What needs to be done ->
Determine the number of lines below that contain the string "probR", and state only that number.

Provided information ->
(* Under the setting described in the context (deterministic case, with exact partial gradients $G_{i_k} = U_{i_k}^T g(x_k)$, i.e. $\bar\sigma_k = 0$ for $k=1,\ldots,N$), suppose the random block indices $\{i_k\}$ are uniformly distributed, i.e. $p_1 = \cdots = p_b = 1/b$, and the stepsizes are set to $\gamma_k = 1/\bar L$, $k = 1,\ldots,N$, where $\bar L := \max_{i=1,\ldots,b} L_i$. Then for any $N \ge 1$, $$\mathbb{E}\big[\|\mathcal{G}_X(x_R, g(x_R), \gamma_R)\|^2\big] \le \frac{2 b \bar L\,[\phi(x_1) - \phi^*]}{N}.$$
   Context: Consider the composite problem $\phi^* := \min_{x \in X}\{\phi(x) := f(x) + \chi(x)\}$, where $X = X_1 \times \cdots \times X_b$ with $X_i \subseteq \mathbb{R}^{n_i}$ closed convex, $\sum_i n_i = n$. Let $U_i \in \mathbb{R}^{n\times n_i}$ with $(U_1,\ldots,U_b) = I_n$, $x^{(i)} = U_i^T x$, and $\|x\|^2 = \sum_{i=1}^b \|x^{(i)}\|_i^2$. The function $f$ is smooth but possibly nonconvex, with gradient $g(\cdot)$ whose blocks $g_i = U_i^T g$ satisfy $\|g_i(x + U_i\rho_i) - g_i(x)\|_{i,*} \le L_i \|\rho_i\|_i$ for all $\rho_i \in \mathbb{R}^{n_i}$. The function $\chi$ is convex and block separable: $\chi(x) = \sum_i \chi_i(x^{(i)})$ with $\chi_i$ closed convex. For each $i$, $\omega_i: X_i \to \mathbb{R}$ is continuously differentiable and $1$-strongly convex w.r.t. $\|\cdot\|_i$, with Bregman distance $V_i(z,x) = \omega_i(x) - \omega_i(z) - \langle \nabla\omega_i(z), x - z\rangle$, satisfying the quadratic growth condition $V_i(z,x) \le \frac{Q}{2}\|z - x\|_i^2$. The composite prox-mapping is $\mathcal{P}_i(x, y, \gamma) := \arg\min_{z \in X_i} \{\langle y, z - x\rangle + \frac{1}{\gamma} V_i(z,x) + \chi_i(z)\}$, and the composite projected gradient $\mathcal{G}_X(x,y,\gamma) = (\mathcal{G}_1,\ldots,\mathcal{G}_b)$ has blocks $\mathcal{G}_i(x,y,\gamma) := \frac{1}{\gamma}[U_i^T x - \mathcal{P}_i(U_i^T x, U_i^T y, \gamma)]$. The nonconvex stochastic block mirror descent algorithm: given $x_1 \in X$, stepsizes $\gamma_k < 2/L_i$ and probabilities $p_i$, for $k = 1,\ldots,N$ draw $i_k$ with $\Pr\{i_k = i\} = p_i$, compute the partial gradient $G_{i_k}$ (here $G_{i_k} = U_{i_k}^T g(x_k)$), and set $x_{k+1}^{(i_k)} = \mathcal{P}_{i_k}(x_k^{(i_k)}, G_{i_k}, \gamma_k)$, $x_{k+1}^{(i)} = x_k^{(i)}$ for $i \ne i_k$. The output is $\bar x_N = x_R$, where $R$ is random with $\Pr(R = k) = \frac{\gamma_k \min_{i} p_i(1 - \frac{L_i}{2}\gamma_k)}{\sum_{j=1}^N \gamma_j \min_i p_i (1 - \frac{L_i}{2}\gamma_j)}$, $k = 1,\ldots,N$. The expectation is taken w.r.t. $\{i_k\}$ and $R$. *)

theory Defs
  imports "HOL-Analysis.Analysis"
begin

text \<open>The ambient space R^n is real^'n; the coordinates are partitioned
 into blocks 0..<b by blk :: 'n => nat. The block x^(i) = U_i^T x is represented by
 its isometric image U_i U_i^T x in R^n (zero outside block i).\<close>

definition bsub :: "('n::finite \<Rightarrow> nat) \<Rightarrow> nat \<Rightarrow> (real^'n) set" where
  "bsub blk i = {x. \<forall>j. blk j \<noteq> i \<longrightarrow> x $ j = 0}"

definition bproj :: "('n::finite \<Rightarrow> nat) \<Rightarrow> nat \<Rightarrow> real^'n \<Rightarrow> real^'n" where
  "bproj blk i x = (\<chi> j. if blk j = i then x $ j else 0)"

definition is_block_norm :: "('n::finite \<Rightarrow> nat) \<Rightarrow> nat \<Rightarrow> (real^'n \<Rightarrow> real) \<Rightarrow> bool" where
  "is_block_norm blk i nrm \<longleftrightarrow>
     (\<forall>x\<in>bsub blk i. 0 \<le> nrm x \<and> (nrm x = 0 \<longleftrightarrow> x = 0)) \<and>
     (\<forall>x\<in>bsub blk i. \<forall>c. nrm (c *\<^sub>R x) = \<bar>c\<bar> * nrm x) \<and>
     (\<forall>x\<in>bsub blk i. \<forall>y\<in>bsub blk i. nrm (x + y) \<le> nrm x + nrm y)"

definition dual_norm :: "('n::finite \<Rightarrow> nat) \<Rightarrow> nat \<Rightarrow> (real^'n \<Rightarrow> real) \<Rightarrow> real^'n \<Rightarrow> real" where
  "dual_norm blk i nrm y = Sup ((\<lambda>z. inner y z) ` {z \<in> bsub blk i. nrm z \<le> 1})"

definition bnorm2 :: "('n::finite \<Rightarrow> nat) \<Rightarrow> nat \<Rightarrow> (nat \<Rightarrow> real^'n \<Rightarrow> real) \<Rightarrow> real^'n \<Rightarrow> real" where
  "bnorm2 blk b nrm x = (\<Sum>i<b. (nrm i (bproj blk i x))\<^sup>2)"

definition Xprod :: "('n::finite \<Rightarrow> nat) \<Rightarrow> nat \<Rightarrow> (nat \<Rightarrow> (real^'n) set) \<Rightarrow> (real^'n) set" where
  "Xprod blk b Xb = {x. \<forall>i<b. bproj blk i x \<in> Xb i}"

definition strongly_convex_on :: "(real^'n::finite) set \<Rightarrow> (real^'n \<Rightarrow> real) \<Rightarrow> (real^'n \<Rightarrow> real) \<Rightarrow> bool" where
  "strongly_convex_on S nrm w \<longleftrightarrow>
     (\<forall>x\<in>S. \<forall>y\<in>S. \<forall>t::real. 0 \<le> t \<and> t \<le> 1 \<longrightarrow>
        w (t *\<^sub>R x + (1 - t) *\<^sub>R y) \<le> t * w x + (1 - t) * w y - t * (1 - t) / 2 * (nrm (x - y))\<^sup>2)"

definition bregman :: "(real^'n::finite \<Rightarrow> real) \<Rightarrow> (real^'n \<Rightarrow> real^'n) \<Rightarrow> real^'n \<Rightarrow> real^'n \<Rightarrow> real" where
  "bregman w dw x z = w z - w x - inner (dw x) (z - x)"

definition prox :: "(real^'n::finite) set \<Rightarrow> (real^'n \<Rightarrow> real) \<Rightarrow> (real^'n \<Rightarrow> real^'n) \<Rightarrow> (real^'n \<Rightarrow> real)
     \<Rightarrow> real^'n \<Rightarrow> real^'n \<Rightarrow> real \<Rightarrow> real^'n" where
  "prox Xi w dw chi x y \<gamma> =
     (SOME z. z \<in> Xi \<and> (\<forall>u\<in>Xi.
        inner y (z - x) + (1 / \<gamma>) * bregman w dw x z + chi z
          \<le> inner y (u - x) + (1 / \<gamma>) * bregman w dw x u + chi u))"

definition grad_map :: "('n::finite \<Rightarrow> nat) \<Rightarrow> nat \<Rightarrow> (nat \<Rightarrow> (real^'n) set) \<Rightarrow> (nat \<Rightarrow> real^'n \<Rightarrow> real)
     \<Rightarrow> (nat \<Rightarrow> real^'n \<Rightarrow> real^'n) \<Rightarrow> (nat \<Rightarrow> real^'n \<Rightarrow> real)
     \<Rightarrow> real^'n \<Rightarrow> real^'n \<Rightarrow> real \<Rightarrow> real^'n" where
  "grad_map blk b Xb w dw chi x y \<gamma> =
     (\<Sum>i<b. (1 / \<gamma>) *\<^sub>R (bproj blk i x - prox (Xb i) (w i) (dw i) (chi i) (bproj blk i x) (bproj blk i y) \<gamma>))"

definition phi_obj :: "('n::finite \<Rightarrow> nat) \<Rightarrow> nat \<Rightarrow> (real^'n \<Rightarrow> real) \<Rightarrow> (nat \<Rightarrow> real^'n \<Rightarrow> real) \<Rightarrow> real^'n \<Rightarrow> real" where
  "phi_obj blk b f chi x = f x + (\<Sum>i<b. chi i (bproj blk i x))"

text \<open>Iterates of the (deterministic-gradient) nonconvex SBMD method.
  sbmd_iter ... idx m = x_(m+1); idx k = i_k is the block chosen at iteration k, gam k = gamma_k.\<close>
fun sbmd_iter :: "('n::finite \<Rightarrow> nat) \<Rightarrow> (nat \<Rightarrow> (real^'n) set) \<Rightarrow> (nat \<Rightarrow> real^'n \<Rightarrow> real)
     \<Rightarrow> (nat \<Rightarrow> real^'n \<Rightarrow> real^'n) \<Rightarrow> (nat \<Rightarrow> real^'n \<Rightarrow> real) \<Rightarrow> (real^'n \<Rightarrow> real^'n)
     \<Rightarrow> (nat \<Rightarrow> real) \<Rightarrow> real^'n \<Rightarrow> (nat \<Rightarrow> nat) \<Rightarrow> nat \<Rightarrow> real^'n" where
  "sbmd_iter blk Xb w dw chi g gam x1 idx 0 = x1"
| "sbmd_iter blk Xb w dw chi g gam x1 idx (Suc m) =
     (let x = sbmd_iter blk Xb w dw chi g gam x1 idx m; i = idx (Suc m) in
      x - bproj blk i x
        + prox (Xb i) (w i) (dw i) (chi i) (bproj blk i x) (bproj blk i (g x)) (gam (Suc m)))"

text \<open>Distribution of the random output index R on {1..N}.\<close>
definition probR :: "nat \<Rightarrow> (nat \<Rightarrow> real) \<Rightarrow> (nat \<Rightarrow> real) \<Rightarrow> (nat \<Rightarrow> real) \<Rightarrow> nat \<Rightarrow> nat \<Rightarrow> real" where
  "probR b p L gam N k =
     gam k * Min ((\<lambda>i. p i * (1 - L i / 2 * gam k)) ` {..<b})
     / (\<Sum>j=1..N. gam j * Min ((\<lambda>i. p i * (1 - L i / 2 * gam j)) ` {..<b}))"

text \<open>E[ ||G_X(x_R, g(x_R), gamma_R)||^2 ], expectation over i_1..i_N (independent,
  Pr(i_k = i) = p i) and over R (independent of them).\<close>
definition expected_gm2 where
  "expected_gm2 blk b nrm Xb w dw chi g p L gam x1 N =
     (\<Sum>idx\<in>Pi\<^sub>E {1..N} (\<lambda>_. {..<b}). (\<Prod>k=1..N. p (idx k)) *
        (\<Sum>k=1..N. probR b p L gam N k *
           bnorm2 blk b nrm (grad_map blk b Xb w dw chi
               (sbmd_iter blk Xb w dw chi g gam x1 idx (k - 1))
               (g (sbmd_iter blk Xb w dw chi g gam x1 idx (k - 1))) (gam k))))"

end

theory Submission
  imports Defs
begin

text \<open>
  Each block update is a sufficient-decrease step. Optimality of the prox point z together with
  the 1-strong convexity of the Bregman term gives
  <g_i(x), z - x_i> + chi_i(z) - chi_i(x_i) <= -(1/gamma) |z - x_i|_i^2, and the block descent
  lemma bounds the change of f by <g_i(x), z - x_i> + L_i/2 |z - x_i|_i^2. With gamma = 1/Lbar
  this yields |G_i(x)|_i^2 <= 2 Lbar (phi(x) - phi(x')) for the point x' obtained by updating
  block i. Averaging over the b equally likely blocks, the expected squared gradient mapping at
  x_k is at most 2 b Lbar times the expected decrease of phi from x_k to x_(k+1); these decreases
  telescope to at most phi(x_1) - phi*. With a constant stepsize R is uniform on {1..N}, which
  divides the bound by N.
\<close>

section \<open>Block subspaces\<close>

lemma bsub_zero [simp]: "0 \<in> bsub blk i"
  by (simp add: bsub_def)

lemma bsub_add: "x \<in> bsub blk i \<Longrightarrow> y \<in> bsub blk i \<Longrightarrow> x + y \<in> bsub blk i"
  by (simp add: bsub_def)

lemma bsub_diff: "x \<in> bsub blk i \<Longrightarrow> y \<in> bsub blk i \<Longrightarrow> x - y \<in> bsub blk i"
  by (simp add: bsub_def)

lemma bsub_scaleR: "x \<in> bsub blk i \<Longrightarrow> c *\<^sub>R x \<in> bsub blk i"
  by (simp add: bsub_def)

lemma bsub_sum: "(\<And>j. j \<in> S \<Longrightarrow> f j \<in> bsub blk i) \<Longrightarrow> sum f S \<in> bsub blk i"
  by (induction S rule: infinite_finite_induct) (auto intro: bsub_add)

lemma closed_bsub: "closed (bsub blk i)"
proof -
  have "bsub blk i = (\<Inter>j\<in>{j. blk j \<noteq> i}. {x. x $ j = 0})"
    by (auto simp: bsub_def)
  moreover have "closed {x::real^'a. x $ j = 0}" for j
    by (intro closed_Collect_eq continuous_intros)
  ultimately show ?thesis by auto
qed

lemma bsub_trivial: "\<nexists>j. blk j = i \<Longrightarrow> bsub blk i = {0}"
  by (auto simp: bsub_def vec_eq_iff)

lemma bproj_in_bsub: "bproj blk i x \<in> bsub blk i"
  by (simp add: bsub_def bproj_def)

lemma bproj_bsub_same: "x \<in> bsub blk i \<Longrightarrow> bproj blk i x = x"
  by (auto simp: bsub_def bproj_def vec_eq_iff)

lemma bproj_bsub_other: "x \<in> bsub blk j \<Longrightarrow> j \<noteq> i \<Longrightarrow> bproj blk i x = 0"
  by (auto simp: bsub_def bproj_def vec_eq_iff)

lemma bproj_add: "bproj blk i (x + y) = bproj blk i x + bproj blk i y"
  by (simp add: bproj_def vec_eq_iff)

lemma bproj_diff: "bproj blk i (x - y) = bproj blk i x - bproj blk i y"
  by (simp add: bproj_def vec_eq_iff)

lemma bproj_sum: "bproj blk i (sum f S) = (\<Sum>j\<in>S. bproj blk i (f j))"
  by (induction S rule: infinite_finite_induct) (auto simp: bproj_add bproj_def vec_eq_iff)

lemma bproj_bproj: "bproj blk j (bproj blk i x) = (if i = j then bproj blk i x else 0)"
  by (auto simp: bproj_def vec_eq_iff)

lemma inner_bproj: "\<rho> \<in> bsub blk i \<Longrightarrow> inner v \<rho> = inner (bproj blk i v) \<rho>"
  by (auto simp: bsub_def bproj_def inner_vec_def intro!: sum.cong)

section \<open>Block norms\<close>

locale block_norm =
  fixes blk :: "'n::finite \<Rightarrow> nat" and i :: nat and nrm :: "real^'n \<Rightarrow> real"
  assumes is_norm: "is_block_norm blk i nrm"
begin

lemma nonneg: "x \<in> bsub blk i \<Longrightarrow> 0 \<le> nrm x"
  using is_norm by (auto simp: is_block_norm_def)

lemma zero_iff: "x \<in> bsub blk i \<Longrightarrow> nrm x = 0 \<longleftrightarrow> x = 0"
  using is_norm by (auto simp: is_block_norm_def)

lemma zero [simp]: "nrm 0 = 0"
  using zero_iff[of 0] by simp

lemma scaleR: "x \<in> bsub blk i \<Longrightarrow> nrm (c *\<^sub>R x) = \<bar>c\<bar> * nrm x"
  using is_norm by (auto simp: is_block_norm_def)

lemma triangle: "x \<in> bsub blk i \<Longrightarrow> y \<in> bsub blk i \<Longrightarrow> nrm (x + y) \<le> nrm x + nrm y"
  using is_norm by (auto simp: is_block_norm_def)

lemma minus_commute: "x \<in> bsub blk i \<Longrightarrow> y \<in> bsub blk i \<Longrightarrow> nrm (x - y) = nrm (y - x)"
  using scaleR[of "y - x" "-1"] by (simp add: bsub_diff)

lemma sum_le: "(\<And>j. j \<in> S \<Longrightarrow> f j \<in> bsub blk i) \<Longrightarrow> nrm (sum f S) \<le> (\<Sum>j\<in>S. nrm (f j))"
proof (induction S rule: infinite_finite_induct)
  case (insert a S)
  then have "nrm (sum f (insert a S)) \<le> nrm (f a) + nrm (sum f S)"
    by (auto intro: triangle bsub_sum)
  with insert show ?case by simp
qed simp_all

Task output ->
3